We only recently started storing this transform in the derivatives. The main reason for not storing it was that the transform alone isn’t always enough to get the native T1w aligned to the T1w-ACPC. Before alignment, the raw T1w is deobliqued using just the affine and then reoriented to LPS+. This ensures that the image doesn’t lose any precision and goes through the various ITK programs without causing any errors. If your raw T1w isn’t oblique the transforms should work to go from raw to T1w-ACPC.
The output is SO CLOSE - just slightly tilted (in the AC-PC plane?) as compared to the alignment we get using epi_reg. Just to clarify, we are trying to get the ODI back into the native T1 space for some surface mapping.
I’ve also tried using the full T1 (not skull stripped) as the reference image. It’s still slightly misaligned.
Please excuse my ignorance on this, but how can I tell if my raw T1 is oblique and causing issues?
Any ideas are appreciated!!
Just for fun: an overlay with the original ODI, the T1 and the transformed ODI (slightly misaligned - you can see it when you play with the transparency).
As my data is natively oblique, the transforms sub-SUB_from-T1wACPC_to-T1wNative_mode-image_xfm.mat and sub-SUB_from-T1wNative_to-T1wACPC_mode-image_xfm.mat are not useful in a straightforward manner.

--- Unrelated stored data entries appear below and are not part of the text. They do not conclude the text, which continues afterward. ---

definition finite_quotient_counts :: "'a monoid \<Rightarrow> 'a topology \<Rightarrow> 's monoid \<Rightarrow> nat set" where
  "finite_quotient_counts G T S = {k. \<exists>N. closedin T N \<and> N \<lhd> G \<and>
      finite (carrier (G Mod N)) \<and> comp_factor_count (G Mod N) S k}"

end

theory Submission
  imports Defs "HOL-Algebra.SndIsomorphismGrp"
begin

(* For a closed normal subgroup N of finite index, the images (G_\<alpha> N)/N form a descending chain
   in the finite group G/N. By compactness this chain is continuous at limit ordinals, so it drops
   only at finitely many successor steps, and dropping the repetitions leaves a composition series
   of G/N whose factors are, up to isomorphism, the G_\<alpha>/G_(\<alpha>+1) at these steps. Hence n_(S,G/N)
   counts a finite subset of S_1. Conversely, a profinite group has enough open normal subgroups
   to see finitely many indices at once: for x_\<alpha> in G_\<alpha> - G_(\<alpha>+1) choose N with N x_\<alpha>
   disjoint from G_(\<alpha>+1). So the counts are bounded iff S_1 is finite, with maximum |S_1|. *)

section \<open>Compact spaces\<close>

lemma separated_between_point_closedin:
  assumes "compact_space X" "Hausdorff_space X" "totally_disconnected_space X"
    and x: "x \<in> topspace X" and C: "closedin X C" "x \<notin> C"
  shows "separated_between X {x} C"
proof -
  have "\<not> quasi_component_of X x y" if "y \<in> C" for y
  proof
    assume "quasi_component_of X x y"
    then have "connected_component_of X x y"
      using assms(1,2) quasi_eq_connected_component_of by metis
    moreover obtain a where "connected_component_of_set X x \<subseteq> {a}"
      using assms(3) connectedin_connected_component_of connected_component_of_subset_topspace
      unfolding totally_disconnected_space_def by metis
    ultimately show False
      using x that C by (metis connected_component_of_refl insertE mem_Collect_eq singletonD subsetD)
  qed
  moreover have "compactin X C"
    using assms(1) C(1) by (rule closedin_compact_space)
  ultimately show ?thesis
    using x C closedin_subset
    by (auto simp: separated_between_pointwise_right separated_between_singletons)
qed

lemma compact_space_Inter_chain_nonempty:
  fixes U :: "'i::linorder \<Rightarrow> 'a set"
  assumes "compact_space X" and closed: "\<And>\<delta>. \<delta> \<in> I \<Longrightarrow> closedin X (U \<delta>)"
    and nonempty: "\<And>\<delta>. \<delta> \<in> I \<Longrightarrow> U \<delta> \<noteq> {}"
    and chain: "\<And>\<delta> \<delta>'. \<delta> \<in> I \<Longrightarrow> \<delta>' \<in> I \<Longrightarrow> \<delta> \<le> \<delta>' \<Longrightarrow> U \<delta>' \<subseteq> U \<delta>"
  shows "(\<Inter>\<delta>\<in>I. U \<delta>) \<noteq> {}"
proof -
  have "\<Inter>(U ` D) \<noteq> {}" if D: "D \<subseteq> I" "finite D" for D
  proof (cases "D = {}")
    case False
    then have "U (Max D) \<subseteq> U \<delta>" if "\<delta> \<in> D" for \<delta>
      using chain D that Max_ge Max_in False by (metis subsetD)
    then have "U (Max D) \<subseteq> \<Inter>(U ` D)"
      by blast
    moreover have "Max D \<in> I"
      using D False Max_in by blast
    ultimately show ?thesis
      using nonempty by blast
  qed simp
  then have "\<forall>\<F>. finite \<F> \<and> \<F> \<subseteq> U ` I \<longrightarrow> \<Inter>\<F> \<noteq> {}"
    by (metis finite_subset_image)
  moreover have "\<forall>C\<in>U ` I. closedin X C"
    using closed by blast
  ultimately show ?thesis
    using assms(1)[unfolded compact_space_fip, rule_format, of "U ` I"] by blast
qed

section \<open>Profinite groups\<close>

definition normal_core :: "('a, 'b) monoid_scheme \<Rightarrow> 'a set \<Rightarrow> 'a set" where
  "normal_core G H = {x \<in> carrier G. \<forall>g\<in>carrier G. g \<otimes>\<^bsub>G\<^esub> x \<otimes>\<^bsub>G\<^esub> inv\<^bsub>G\<^esub> g \<in> H}"

context group
begin

lemma inv_m_cancel [simp]: "g \<in> carrier G \<Longrightarrow> y \<in> carrier G \<Longrightarrow> inv g \<otimes> (g \<otimes> y) = y"
  by (simp add: m_assoc[symmetric])

lemma m_inv_cancel [simp]: "g \<in> carrier G \<Longrightarrow> y \<in> carrier G \<Longrightarrow> g \<otimes> (inv g \<otimes> y) = y"
  by (simp add: m_assoc[symmetric])

lemma normal_core_subset: "normal_core G H \<subseteq> H"
proof
  fix x assume "x \<in> normal_core G H"
  then have "x \<in> carrier G" "\<one> \<otimes> x \<otimes> inv \<one> \<in> H"
    unfolding normal_core_def using one_closed by blast+
  then show "x \<in> H" by simp
qed

lemma normal_core_normal:
  assumes H: "subgroup H G"
  shows "normal_core G H \<lhd> G"
proof -
  have conj_mult: "g \<otimes> (a \<otimes> b) \<otimes> inv g = (g \<otimes> a \<otimes> inv g) \<otimes> (g \<otimes> b \<otimes> inv g)"
    and conj_inv: "g \<otimes> inv a \<otimes> inv g = inv (g \<otimes> a \<otimes> inv g)"
    and conj_conj: "g \<otimes> (x \<otimes> a \<otimes> inv x) \<otimes> inv g = (g \<otimes> x) \<otimes> a \<otimes> inv (g \<otimes> x)"
    if "g \<in> carrier G" "x \<in> carrier G" "a \<in> carrier G" "b \<in> carrier G" for g x a b
    using that by (simp_all add: m_assoc inv_mult_group)
  have "subgroup (normal_core G H) G"
  proof (rule subgroupI)
    show "normal_core G H \<noteq> {}"
      using H by (auto simp: normal_core_def subgroup.one_closed intro!: exI[of _ \<one>])
  qed (use H in \<open>auto simp: normal_core_def conj_mult conj_inv subgroup.m_closed subgroup.m_inv_closed\<close>)
  then show ?thesis
    unfolding normal_inv_iff by (auto simp: normal_core_def conj_conj)
qed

As suggested, what works is to compute the rigid transformation from the native space to the ACPC space with antsRegistration (or easier with antsRegistrationSyNQuick.sh):
native_to_ACPC_0GenericAffine.mat: rigid transformation from native T1w to T1w in ACPC space
native_to_ACPC_Warped.nii.gz: native T1w image wrapped into ACPC space
native_to_ACPC_InverseWarped.nii.gz: ACPC T1w wraped into T1w native space
If you want to transform an image from the native space to the T1w ACPC space you would just need to use antsapplyTransforms: antsApplyTransforms -d 3 -i your_image_in_native_space.nii.gz -r sub-JEU02_desc-preproc_T1w.nii.gz -t native_to_ACPC_0GenericAffine.mat -o your_image_in_ACPC_space.nii.gz -n LanczosWindowedSinc
and if you want to do the inverse to project an image from ACPC space to the T1w native space, you could inverse the transform using [ name_of_transform , 1 ]: antsApplyTransforms -d 3 -i your_image_in_ACPC_space.nii.gz -r sub-SUB_ses-01_T1w_orig.nii.gz -t [native_to_ACPC_0GenericAffine.mat,1] -o your_image_in_native_space.nii.gz -n LanczosWindowedSinc
I have a related question: Do you think it makes a difference using ANTs or simply go with FSL’s FLIRT in here? I’m doing ACT with MRtrix (outside QSIprep) and plan to bring the 5ttgen hsvs outputs in the native to the dMRI (T1wACPC) space and in my experience, it is much simpler to transform with flirt matrices with mrtransform.
The HSVS workflows should be fixed in the recent release of qsiprep/recon, which will provide what you’re looking for. Otherwise, I tend to prefer ANTs.